Years ago, I found in the dark recesses of a video store an animated version of the Return of the King. Oh, I was excited and rented it … only to find it was jaw-droppingly dreadful.
I have never seen any references to it anywhere (unlike the Bakshi version of the Fellowship, which does get mentioned from time to time). The release of what promises to be a very good version brings it back to mind …
Has anyone else seen that abomination? Remember the musical numbers?
“Where there’s a whip (crack!), there’s a WAY!” Orcish marching song!
Actually, I didn’t think the Rankin/Bass LOTR material – “The Hobbit” and “Return Of The King” were all that bad. They were obviously aimed at children, but by the same token, in comparison to the horror that was the Ralph Bakshi LOTR, they weren’t bad.
Some people gripe about the fact that they’re musicals. One could also mention that in the trilogy, one character or another is constantly bursting into song or cantus about one ancestor, battle, or hero or another.

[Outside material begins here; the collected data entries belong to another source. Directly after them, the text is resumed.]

(* Let $\mathcal{T},\mathcal{W}\in\mathbb{K}^{R\times R\times K}$. Assume $\mathcal{T}$ has $\mathbb{K}$-rank $R$ with CPD $[\![\mathbf{A},\mathbf{B},\mathbf{C}]\!]$ where $\mathbf{A},\mathbf{B}\in\mathbb{K}^{R\times R}$ are invertible and the columns of $\mathbf{C}$ have unit norm; let $\mathscr{L}_1,\dots,\mathscr{L}_R$ be the spectrum of $\mathcal{T}$ (the spans of the columns of $\mathbf{C}$), and set $\mathcal{E}=\mathcal{T}-\mathcal{W}$. If $\mathscr{W}$ is a JGE value of $\mathcal{W}$ with geometric multiplicity at least one, then $$\min_k\chi(\mathscr{L}_k,\mathscr{W})\leq\sqrt{R}\,\big\|\mathcal{E}\cdot_1\mathbf{A}^{-1}\cdot_2\mathbf{B}^{-1}\cdot_3\mathbf{P}_{\mathscr{W}^\perp}\big\|_{\mathrm{sp}}\leq\frac{\sqrt{R}\,\|\mathcal{E}\|_{\mathrm{sp}}}{\sigma_{\min}(\mathbf{A})\sigma_{\min}(\mathbf{B})},$$ where $\mathbf{P}_{\mathscr{W}^\perp}$ is the orthogonal projection of $\mathbb{K}^K$ onto the orthogonal complement of $\mathscr{W}$. Consequently, if $\mathcal{W}$ is slice mix invertible of border $\mathbb{K}$-rank $R$, then $$\mathrm{sv}[\mathcal{T},\mathcal{W}]\leq\sqrt{R}\,\big\|\mathcal{E}\cdot_1\mathbf{A}^{-1}\cdot_2\mathbf{B}^{-1}\big\|_{\mathrm{sp}}\leq\frac{\sqrt{R}\,\|\mathcal{E}\|_{\mathrm{sp}}}{\sigma_{\min}(\mathbf{A})\sigma_{\min}(\mathbf{B})}.$$ Moreover, the factor $\sqrt{R}$ may be dropped from all these inequalities in each of the following cases: (1) $K=2$; (2) $\mathcal{W}$ is slice mix invertible and has $\mathbb{K}$-rank $R$ with a CPD $[\![\mathbf{A}_{\mathcal{W}},\mathbf{B}_{\mathcal{W}},\mathbf{C}_{\mathcal{W}}]\!]$ in which $\mathbf{A}_{\mathcal{W}}=\mathbf{A}$ or $\mathbf{B}_{\mathcal{W}}=\mathbf{B}$. In particular, in these cases $\mathrm{sv}[\mathcal{T},\mathcal{W}]\leq\|\mathcal{E}\cdot_1\mathbf{A}^{-1}\cdot_2\mathbf{B}^{-1}\|_{\mathrm{sp}}\leq\|\mathcal{E}\|_{\mathrm{sp}}/(\sigma_{\min}(\mathbf{A})\sigma_{\min}(\mathbf{B}))$.
   Context: $\mathbb{K}$ denotes $\mathbb{R}$ or $\mathbb{C}$; $\sigma_{\min}$ is the smallest singular value; $\cdot_i\mathbf{M}$ applies $\mathbf{M}$ to every mode-$i$ fiber. CPD $[\![\mathbf{A},\mathbf{B},\mathbf{C}]\!]=\sum_r\mathbf{a}_r\otimes\mathbf{b}_r\otimes\mathbf{c}_r$ with the minimal number of terms; $\mathbb{K}$-rank and border $\mathbb{K}$-rank (least $R$ such that the tensor is a limit of tensors of $\mathbb{K}$-rank at most $R$) as usual. For $\mathcal{X}$ with slices $\mathbf{X}_k$: slice mix invertible means some linear combination of slices is invertible; a nonzero $\mathbf{x}$ is a JGE vector if $\mathbf{X}_\ell\mathbf{x}=\lambda_\ell\mathbf{y}$ for all $\ell$ for some $\boldsymbol{\lambda}$ and nonzero $\mathbf{y}$, and $\mathrm{span}(\boldsymbol{\lambda})$ is then a JGE value; its geometric multiplicity is the dimension of the span of JGE vectors paired with it. With $p_{\mathcal{X}}(\boldsymbol{\gamma})=\det(\sum_k\gamma_k\mathbf{X}_k)$, if $p_{\mathcal{X}}$ is a product of $R$ linear forms $\prod_r(\sum_k\lambda_{r,k}\gamma_k)$ the spectrum of $\mathcal{X}$ is the list $\mathrm{span}(\boldsymbol{\lambda}_r)$, $r=1,\dots,R$. Chordal metric $\chi$: sine of the angle between one-dimensional subspaces. Spectral variation: $\mathrm{sv}[\mathcal{T}_1,\mathcal{T}_2]=\max_i\min_j\chi(\mathscr{L}_{1,j},\mathscr{L}_{2,i})$ for spectra $\{\mathscr{L}_{1,j}\},\{\mathscr{L}_{2,i}\}$. Spectral norm $\|\mathcal{M}\|_{\mathrm{sp}}=\max_{\|\mathbf{x}\|=\|\mathbf{y}\|=\|\mathbf{z}\|=1}|\mathcal{M}\cdot_1\mathbf{x}\cdot_2\mathbf{y}\cdot_3\mathbf{z}|$. *)

theory Defs
  imports "HOL-Analysis.Analysis"
begin

text \<open>The scalar field K is encoded by a set Ks of complex numbers,
  Ks = Reals (K = R) or Ks = UNIV (K = C). All objects are complex-valued and are
  required to take values in Ks. A tensor in K^(I x J x K) is a function
  of type 'i => 'j => 'k => complex over finite index types; R = CARD('r),
  K = CARD('k). Matrices are complex^'col^'row (entry A$i$j).\<close>

type_synonym ('i,'j,'k) tensor = "'i \<Rightarrow> 'j \<Rightarrow> 'k \<Rightarrow> complex"

definition field_K :: "complex set \<Rightarrow> bool" where
  "field_K Ks \<longleftrightarrow> Ks = \<real> \<or> Ks = UNIV"

definition vec_in :: "complex set \<Rightarrow> complex^'n \<Rightarrow> bool" where
  "vec_in Ks v \<longleftrightarrow> (\<forall>i. v$i \<in> Ks)"

definition mat_in :: "complex set \<Rightarrow> complex^'n^'m \<Rightarrow> bool" where
  "mat_in Ks M \<longleftrightarrow> (\<forall>i j. M$i$j \<in> Ks)"

definition tensor_in :: "complex set \<Rightarrow> ('i,'j,'k) tensor \<Rightarrow> bool" where
  "tensor_in Ks X \<longleftrightarrow> (\<forall>i j k. X i j k \<in> Ks)"

definition hinner :: "complex^'n \<Rightarrow> complex^'n \<Rightarrow> complex" where
  "hinner u v = (\<Sum>i\<in>UNIV. u$i * cnj (v$i))"

definition cpd :: "complex^'r^'i \<Rightarrow> complex^'r^'j \<Rightarrow> complex^'r^'k \<Rightarrow> ('i,'j,'k) tensor" where
  "cpd A B C = (\<lambda>i j k. \<Sum>r\<in>UNIV. A$i$r * B$j$r * C$k$r)"

definition rank_le :: "complex set \<Rightarrow> ('i::finite,'j::finite,'k::finite) tensor \<Rightarrow> nat \<Rightarrow> bool" where
  "rank_le Ks X n \<longleftrightarrow> (\<exists>(a::nat \<Rightarrow> complex^'i) (b::nat \<Rightarrow> complex^'j) (c::nat \<Rightarrow> complex^'k).
      (\<forall>r<n. vec_in Ks (a r) \<and> vec_in Ks (b r) \<and> vec_in Ks (c r)) \<and>
      X = (\<lambda>i j k. \<Sum>r<n. (a r)$i * (b r)$j * (c r)$k))"

definition K_rank :: "complex set \<Rightarrow> ('i::finite,'j::finite,'k::finite) tensor \<Rightarrow> nat" where
  "K_rank Ks X = (LEAST n. rank_le Ks X n)"

definition border_K_rank :: "complex set \<Rightarrow> ('i::finite,'j::finite,'k::finite) tensor \<Rightarrow> nat" where
  "border_K_rank Ks X = (LEAST n. \<exists>S :: nat \<Rightarrow> ('i,'j,'k) tensor.
      (\<forall>m. tensor_in Ks (S m) \<and> K_rank Ks (S m) \<le> n) \<and>
      (\<forall>i j k. (\<lambda>m. S m i j k) \<longlonglongrightarrow> X i j k))"

definition slice :: "('r,'r,'k) tensor \<Rightarrow> 'k \<Rightarrow> complex^'r^'r" where
  "slice X k = (\<chi> i j. X i j k)"

definition slice_comb :: "('r,'r,'k) tensor \<Rightarrow> complex^'k \<Rightarrow> complex^'r^'r" where
  "slice_comb X \<gamma> = (\<chi> i j. \<Sum>k\<in>UNIV. \<gamma>$k * X i j k)"

definition slice_mix_invertible :: "complex set \<Rightarrow> ('r::finite,'r,'k::finite) tensor \<Rightarrow> bool" where
  "slice_mix_invertible Ks X \<longleftrightarrow> (\<exists>\<gamma>. vec_in Ks \<gamma> \<and> det (slice_comb X \<gamma>) \<noteq> 0)"

definition kspan :: "complex set \<Rightarrow> complex^'n \<Rightarrow> (complex^'n) set" where
  "kspan Ks v = {c *s v | c. c \<in> Ks}"

definition JGE_pair :: "complex set \<Rightarrow> ('r::finite,'r,'k::finite) tensor \<Rightarrow> complex^'r \<Rightarrow> complex^'k \<Rightarrow> bool" where
  "JGE_pair Ks X x lam \<longleftrightarrow> vec_in Ks x \<and> x \<noteq> 0 \<and> vec_in Ks lam \<and>
     (\<exists>y. vec_in Ks y \<and> y \<noteq> 0 \<and> (\<forall>l. slice X l *v x = lam$l *s y))"

text \<open>JGE value span(lambda); lambda nonzero so that it is a one-dimensional subspace
  (the chordal metric is only defined for lines).\<close>
definition JGE_value :: "complex set \<Rightarrow> ('r::finite,'r,'k::finite) tensor \<Rightarrow> (complex^'k) set \<Rightarrow> bool" where
  "JGE_value Ks X L \<longleftrightarrow> (\<exists>x lam. JGE_pair Ks X x lam \<and> lam \<noteq> 0 \<and> L = kspan Ks lam)"

definition K_indep :: "complex set \<Rightarrow> nat \<Rightarrow> (nat \<Rightarrow> complex^'n) \<Rightarrow> bool" where
  "K_indep Ks n xs \<longleftrightarrow> (\<forall>c. (\<forall>i<n. c i \<in> Ks) \<longrightarrow> (\<Sum>i<n. c i *s xs i) = 0 \<longrightarrow> (\<forall>i<n. c i = 0))"

definition geom_mult :: "complex set \<Rightarrow> ('r::finite,'r,'k::finite) tensor \<Rightarrow> (complex^'k) set \<Rightarrow> nat" where
  "geom_mult Ks X L = (GREATEST n. \<exists>xs. (\<forall>i<n. \<exists>lam. JGE_pair Ks X (xs i) lam \<and> L = kspan Ks lam)
                                         \<and> K_indep Ks n xs)"

definition line_rep :: "complex set \<Rightarrow> (complex^'n) set \<Rightarrow> complex^'n" where
  "line_rep Ks L = (SOME u. u \<noteq> 0 \<and> L = kspan Ks u)"

definition chordal_vec :: "complex^'n \<Rightarrow> complex^'n \<Rightarrow> real" where
  "chordal_vec u v = sqrt (1 - (cmod (hinner u v))\<^sup>2 / ((norm u)\<^sup>2 * (norm v)\<^sup>2))"

definition chordal :: "complex set \<Rightarrow> (complex^'n) set \<Rightarrow> (complex^'n) set \<Rightarrow> real" where
  "chordal Ks L1 L2 = chordal_vec (line_rep Ks L1) (line_rep Ks L2)"

definition proj_perp :: "complex set \<Rightarrow> (complex^'k) set \<Rightarrow> complex^'k^'k" where
  "proj_perp Ks L = (let w = line_rep Ks L in
      (\<chi> i j. (if i = j then 1 else 0) - w$i * cnj (w$j) / complex_of_real ((norm w)\<^sup>2)))"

Admittedly, stacked up against the current films, they’re kinda ridiculous, but it’s not like anyone’s making me watch 'em at gunpoint…
I actually just rented it a week ago. Not great, but a lot better than the Bakshi abomination which, I am sad to say, I actually own. I was really hoping in RotK, despite the fact that it was done by Rankin & Bass (the guys who did the animated Hobbit), that they would drop those damn songs and that annoying bastard with the warbly voice (“the Greatest Adventur-ur-ur-ur-ur-ur-ure…”…shudder)
…but alas no.
I did like the “Where There’s a Whip” song, though.
I haven’t seen the animated “Hobbit”, but the animated ROTK is in my opinion in the “so bad that it is actually funny, and so, in a sense, good” category.
It is like seeing the Lord of the Rings made with Keebler elves (as suggested in another thread).
Is that the one where Aragorn seems to be without pants for the entire movie? People of talked about them so much, I kinda want to see them now
(I saw the animated Hobbit and was quite disgusted with it – and I was 12 at the time. I would probably be able to laugh at it a bit more now, I was a rather serious child in some ways.)
I liked the R-B Hobbit. The headlight eyes of Smaug, the cartoony goblins…it was really good, if you can divorce it from the more serious epic of LOTR.
But the R-B Return of the King!
o/The Cracks of Doom! (Doom! Doom!) The Cracks of Doom! (Doom! Doom!)o/
I never did understand why they skipped to the end of the series to make their premiere LOTR animated film…
Funny, the songs actually made it more faithful (in one way) to Tolkien than the current adaptation. “Frodo of the nine fingers” is taken verbatim from the text, as well as the “whip” song.
Sadly I saw the animated RotK when I was very young, and the only thing I remembered from it was: the ending. I wish I could have scrubbed the memory from my brain before I read the books.
emarkp, there was no “whip” song in the books. The song was inspired by a speech by an orc “sargent”'s speech to Frodo and Sam as they’re maquerading as orcs. “Where there’s a whip, there’s a will!”
IIRC, Bakshi only secured the rights to the first two books, assuming that once he was 2/3s of the way through, he’d naturally get the rights to the third book. Joke was on him: Rankin/Bass stepped in and bought the rights to the third book.
We don’t wanna go to war today,
But the lord with the lash says, nay nay nay!
We’re gonna march all day, all day, all day.
Where there’s a whip there’s a way.
<Crack!>
I’m going to see Glen Yarbrough in concert next week, maybe. He sang “The Greatest Adventure” in “The Hobbit,” and was the voice of the minstrel in the Rankin/Bass ROTK.
Glen Yarbrough’s only hit record was “Baby, the Rain Must Fall” in the 1960s. This came from the Steve McQueen/Lee Remick film of the same name. The play it was based on, though, was “The Traveling Lady.” I guess it didn’t seem plausible having tough guy McQueen starring in a movie called “The Traveling Lady.”:eek:
And I say “maybe” because he arrives back in port (Miami) the same day that the concert is scheduled, 400 miles away from the concert location, St Simons, GA.